Огромный пожилой солдат вытащил нас на полянку, где сидел тот самый майор, что грозился повыдергать ноги и вставить в уши.
— Вот снять бы с них штаны да всыпать, как меня отец в детстве учил! — говорил солдат.
Отставить! — сказал майор. — Отпусти им уши. Оторвёшь. У тебя вон ручища-то! Как лопата у бульдозера. Ну, голуби, зачем пожаловали?
— Гуляли, заблудились… — забормотал Серёга заранее приготовленную легенду.
— А лет вам сколько?
— Восемь, — сказал я. Голова у меня, словно налитая свинцом, не желала подниматься.
— В школу, значит, ходите? Читать умеете? Или, может, вы близорукие? Плакат видели?
— Нет! Какой плакат? — сказал Серёга, делая невинные глаза.
— Может, ветром сорвало? — беспокойно спросил солдат.
— На месте плакат! — сказал майор. — Никуда его не сорвало.
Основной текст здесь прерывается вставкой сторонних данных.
lemma supdist_along_line:
  assumes "x \<in> linf" "y \<in> linf"
  shows "supdist x (\<lambda>n. x n + c * (y n - x n)) = \<bar>c\<bar> * supdist x y"
proof (rule antisym)
  have dist_eq: "\<bar>x n - (x n + c * (y n - x n))\<bar> = \<bar>c\<bar> * \<bar>x n - y n\<bar>" for n
    by (simp add: abs_mult abs_minus_commute)
  show "supdist x (\<lambda>n. x n + c * (y n - x n)) \<le> \<bar>c\<bar> * supdist x y"
  proof (rule supdist_le)
    show "\<bar>x n - (x n + c * (y n - x n))\<bar> \<le> \<bar>c\<bar> * supdist x y" for n
      unfolding dist_eq using abs_le_supdist[OF assms] by (simp add: mult_left_mono)
  qed
  have w: "(\<lambda>n. x n + c * (y n - x n)) \<in> linf"
    using lincomb_in_linf[OF assms, of "1 - c" c] by (simp add: algebra_simps)
  show "\<bar>c\<bar> * supdist x y \<le> supdist x (\<lambda>n. x n + c * (y n - x n))"
  proof (cases "c = 0")
    case False
    have "\<bar>x n - y n\<bar> \<le> supdist x (\<lambda>n. x n + c * (y n - x n)) / \<bar>c\<bar>" for n
      using abs_le_supdist[OF assms(1) w, of n] False unfolding dist_eq by (simp add: field_simps)
    then have "supdist x y \<le> supdist x (\<lambda>n. x n + c * (y n - x n)) / \<bar>c\<bar>"
      by (rule supdist_le)
    then show ?thesis
      using False by (simp add: field_simps)
  qed (use abs_le_supdist[OF assms(1) assms(1), of 0] in simp)
qed

lemma hole_radius_le_half:
  assumes Y: "Y \<subseteq> linf" "lincomb_closed Y" and x: "x \<in> E" "E \<subseteq> Y"
    and z: "z \<in> Y" and r: "r > 0"
    and hole: "mball Y supdist z r \<subseteq> mball Y supdist x R - E"
  shows "r \<le> R / 2"
proof (rule ccontr)
  assume "\<not> r \<le> R / 2"
  have xY: "x \<in> Y" and xl: "x \<in> linf" and zl: "z \<in> linf"
    using x z Y by auto
  define d where "d = supdist x z"
  have "d \<ge> r"
    using hole x xY unfolding mball_def d_def by (force simp: supdist_commute)
  have "supdist z z \<le> 0"
    by (rule supdist_le) simp
  then have "z \<in> mball Y supdist z r"
    using z r unfolding mball_def by auto
  then have "d < R"
    using hole unfolding mball_def d_def by auto
  define w where "w = (\<lambda>n. x n + R / d * (z n - x n))"
  have "w = (\<lambda>n. (1 - R / d) * x n + R / d * z n)"
    unfolding w_def by (simp add: algebra_simps)
  then have wY: "w \<in> Y"
    using lincomb_closedD[OF Y(2) xY z, of "1 - R / d" "R / d"] by simp
  have "supdist z w = \<bar>R / d - 1\<bar> * supdist z x"
    using supdist_along_line[OF zl xl, of "1 - R / d"] unfolding w_def
    by (simp add: algebra_simps abs_minus_commute)
  also have "\<dots> = R - d"
    using \<open>d \<ge> r\<close> r \<open>d < R\<close> by (simp add: d_def supdist_commute field_simps)
  finally have "w \<in> mball Y supdist z r"
    using wY \<open>d \<ge> r\<close> \<open>\<not> r \<le> R / 2\<close> unfolding mball_def by auto
  then have "supdist x w < R"
    using hole unfolding mball_def by auto
  moreover have "supdist x w = R"
    using supdist_along_line[OF xl zl, of "R / d"] \<open>d \<ge> r\<close> r \<open>d < R\<close>
    unfolding w_def d_def[symmetric] by simp
  ultimately show False
    by simp
qed

lemma por_gamma_le_half:
  assumes "Y \<subseteq> linf" "lincomb_closed Y" "x \<in> E" "E \<subseteq> Y" "R > 0"
  shows "por_gamma Y supdist x R E \<le> ereal (R / 2)"
  unfolding por_gamma_def
  using hole_radius_le_half[OF assms(1-4)] \<open>R > 0\<close> by (auto intro!: Sup_least)

lemma por_gamma_ge_half:
  assumes Y: "Y \<subseteq> linf" and "x \<in> Y" "z \<in> Y" "supdist x z \<le> R / 2" "R > 0"
    and hole: "mball Y supdist z (R / 2) \<inter> E = {}"
  shows "ereal (R / 2) \<le> por_gamma Y supdist x R E"
proof -
  have "mball Y supdist z (R / 2) \<subseteq> mball Y supdist x R - E"
  proof
    fix w
    assume w: "w \<in> mball Y supdist z (R / 2)"
    then have "supdist x w \<le> supdist x z + supdist z w"
      using assms Y unfolding mball_def by (intro supdist_triangle) auto
    then show "w \<in> mball Y supdist x R - E"
      using w hole \<open>supdist x z \<le> R / 2\<close> unfolding mball_def by auto
  qed
  then have "ereal (R / 2) \<in> {ereal r | r. r > 0 \<and> (\<exists>z\<in>Y. mball Y supdist z r \<subseteq> mball Y supdist x R - E)}"
    using \<open>z \<in> Y\<close> \<open>R > 0\<close> by (intro CollectI exI[of _ "R / 2"]) auto
  then show ?thesis
    unfolding por_gamma_def by (intro Sup_upper insertI2)
qed

lemma strongly_lower_porousI:
  assumes Y: "Y \<subseteq> linf" "lincomb_closed Y" "E \<subseteq> Y"
    and holes: "\<And>x R. x \<in> E \<Longrightarrow> R > 0 \<Longrightarrow>
      \<exists>z\<in>Y. supdist x z \<le> R / 2 \<and> mball Y supdist z (R / 2) \<inter> E = {}"
  shows "strongly_lower_porous Y supdist E"
  unfolding strongly_lower_porous_def lower_porosity_def
proof
  fix x
  assume x: "x \<in> E"
  have "por_gamma Y supdist x R E = ereal (R / 2)" if R: "R > 0" for R
  proof (rule antisym)
    show "por_gamma Y supdist x R E \<le> ereal (R / 2)"
      using por_gamma_le_half[OF Y(1,2) x Y(3) R] .
    obtain z where "z \<in> Y" "supdist x z \<le> R / 2" "mball Y supdist z (R / 2) \<inter> E = {}"
      using holes[OF x R] by blast
    then show "ereal (R / 2) \<le> por_gamma Y supdist x R E"
      using x Y R by (intro por_gamma_ge_half) auto
  qed
  then have "eventually (\<lambda>R. por_gamma Y supdist x R E / ereal R = ereal (1 / 2)) (at_right 0)"
    using eventually_at_right_less[of 0] by (auto elim: eventually_mono)
  then have "Liminf (at_right 0) (\<lambda>R. por_gamma Y supdist x R E / ereal R)
      = Liminf (at_right (0::real)) (\<lambda>_. ereal (1 / 2))"
    by (rule Liminf_eq)
  also have "\<dots> = ereal (1 / 2)"
    by (simp add: Liminf_const)
  finally show "2 * Liminf (at_right 0) (\<lambda>R. por_gamma Y supdist x R E / ereal R) = 1"
    by simp
qed

definition cluster_value :: "(nat \<Rightarrow> real) \<Rightarrow> real \<Rightarrow> bool" where
  "cluster_value a \<sigma> \<longleftrightarrow> (\<exists>r. strict_mono r \<and> (\<lambda>k. a (r k)) \<longlonglongrightarrow> \<sigma>)"

lemma abs_le_if_cluster_values:
  fixes a v :: "nat \<Rightarrow> real"
  assumes bound: "\<And>n. \<bar>v n + c * a n\<bar> \<le> d" and "convergent v"
    and "cluster_value a 1" "cluster_value a (-1)"
  shows "\<bar>c\<bar> \<le> d"
proof -
  obtain l where v: "v \<longlonglongrightarrow> l"
    using \<open>convergent v\<close> unfolding convergent_def by blast
  have "\<bar>l + c * \<sigma>\<bar> \<le> d" if \<sigma>: "cluster_value a \<sigma>" for \<sigma>
  proof -
    obtain r where "strict_mono r" "(\<lambda>k. a (r k)) \<longlonglongrightarrow> \<sigma>"
      using \<sigma> unfolding cluster_value_def by blast
    then have "(\<lambda>k. \<bar>v (r k) + c * a (r k)\<bar>) \<longlonglongrightarrow> \<bar>l + c * \<sigma>\<bar>"
      using LIMSEQ_subseq_LIMSEQ[OF v] by (intro tendsto_intros) (auto simp: o_def)
    then show ?thesis
      by (rule tendsto_upperbound) (simp_all add: bound)
  qed
  from this[OF \<open>cluster_value a 1\<close>] this[OF \<open>cluster_value a (-1)\<close>] show ?thesis
    by linarith
qed

lemma strongly_lower_porous_by_oscillation:
  fixes T :: "(nat \<Rightarrow> real) \<Rightarrow> nat \<Rightarrow> real"
  assumes Y: "Y \<subseteq> linf" "lincomb_closed Y" "E \<subseteq> Y"
    and h: "h \<in> Y" "\<And>n. \<bar>h n\<bar> \<le> 1"
    and T_lincomb: "\<And>u v a b. T (\<lambda>i. a * u i + b * v i) = (\<lambda>n. a * T u n + b * T v n)"
    and T_abs_le: "\<And>u \<delta> n. (\<And>i. \<bar>u i\<bar> \<le> \<delta>) \<Longrightarrow> \<bar>T u n\<bar> \<le> \<delta>"
    and T_convergent: "\<And>x. x \<in> E \<Longrightarrow> convergent (T x)"
    and clusters: "cluster_value (T h) 1" "cluster_value (T h) (-1)"
  shows "strongly_lower_porous Y supdist E"
proof (rule strongly_lower_porousI[OF Y])
  fix x and R :: real
  assume x: "x \<in> E" and "R > 0"
  define z where "z = (\<lambda>n. x n + R / 2 * h n)"
  have "z \<in> Y"
    using lincomb_closedD[OF Y(2) _ h(1), of x 1 "R / 2"] x Y(3) by (auto simp: z_def)
  have "supdist x z \<le> R / 2"
    unfolding z_def using h(2) \<open>R > 0\<close> by (intro supdist_le) (simp add: abs_mult mult_left_le)
  moreover have "w \<notin> E" if w: "w \<in> mball Y supdist z (R / 2)" for w
  proof
    assume "w \<in> E"
    define \<delta> where "\<delta> = supdist z w"
    have "\<bar>z i - w i\<bar> \<le> \<delta>" for i
      unfolding \<delta>_def using \<open>z \<in> Y\<close> w Y unfolding mball_def by (intro abs_le_supdist) auto
    then have "\<bar>(T x n - T w n) + R / 2 * T h n\<bar> \<le> \<delta>" for n
      using T_abs_le[of "\<lambda>i. 1 * (1 * x i + (-1) * w i) + R / 2 * h i" \<delta> n]
      unfolding T_lincomb by (simp add: z_def algebra_simps)
    moreover have "convergent (\<lambda>n. T x n - T w n)"
      using T_convergent[OF x] T_convergent[OF \<open>w \<in> E\<close>] by (rule convergent_diff)
    ultimately have "\<bar>R / 2\<bar> \<le> \<delta>"
      using clusters by (rule abs_le_if_cluster_values)
    then show False
      using w \<open>R > 0\<close> unfolding mball_def \<delta>_def by simp
  qed
  ultimately show "\<exists>z\<in>Y. supdist x z \<le> R / 2 \<and> mball Y supdist z (R / 2) \<inter> E = {}"
    using \<open>z \<in> Y\<close> by blast
qed

section \<open>Sign sequences with oscillating means\<close>

definition alternating :: "nat \<Rightarrow> real" where
  "alternating n = (-1) ^ n"

lemma cluster_value_alternating: "cluster_value alternating 1" "cluster_value alternating (-1)"
proof -
  have "cluster_value alternating ((-1) ^ e)" for e
    unfolding cluster_value_def
  proof (intro exI conjI)
    show "strict_mono (\<lambda>k. 2 * k + e)"
      by (rule strict_monoI) simp
    show "(\<lambda>k. alternating (2 * k + e)) \<longlonglongrightarrow> (-1) ^ e"
      by (simp add: alternating_def power_add)
  qed
  from this[of 0] this[of 1] show "cluster_value alternating 1" "cluster_value alternating (-1)"
    by simp_all
qed

lemma alternating_in_c0_hat: "alternating \<in> c0_hat"
  unfolding c0_hat_def
proof (intro CollectI conjI allI impI)
  show alt: "alternating \<in> linf"
    by (rule linfI[of _ 1]) (simp add: alternating_def)
  fix L
  assume L: "banach_limit L"
  have "L alternating = L (\<lambda>n. alternating (Suc n))"
    using banach_limit_shift[OF L alt] by simp
  also have "\<dots> = L (\<lambda>n. (-1) * alternating n + 0 * alternating n)"
    by (simp add: alternating_def)
  also have "\<dots> = - L alternating"
    using banach_limit_lincomb[OF L alt alt, of "-1" 0] by simp
  finally show "L alternating = 0"
    by simp
qed

definition square_blocks :: "nat \<Rightarrow> real" where
  "square_blocks n = (-1) ^ floor_sqrt n"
Так или нет? — наклонился он ко мне.
— Так… — прошептал я, потому что не мог я врать этому майору. Еслибы он на меня кричал или ругался, а он расспрашивал усталым голосом.
Он сидел на полянке, на пеньке, босой, измазанные глиной сапоги валялись в траве. Майор поглаживал руками колени, и я не мог оторвать глаз от его рук. Они были огромные, жилистые, с крупными ногтями, такие бывают у людей, которые много и тяжело работают. Обшлага кителя и галифе у майора все были в глине. Это оттого, что он стоял на коленях, когда выкапывал мины руками.
— Эх! — вздохнул майор. — Ну что мне с ними делать? Надо в лагерь вести к начальству. Пусть там разбираются. За пистолетами, что ли, шли? А? Кавалеры? В войну поиграть?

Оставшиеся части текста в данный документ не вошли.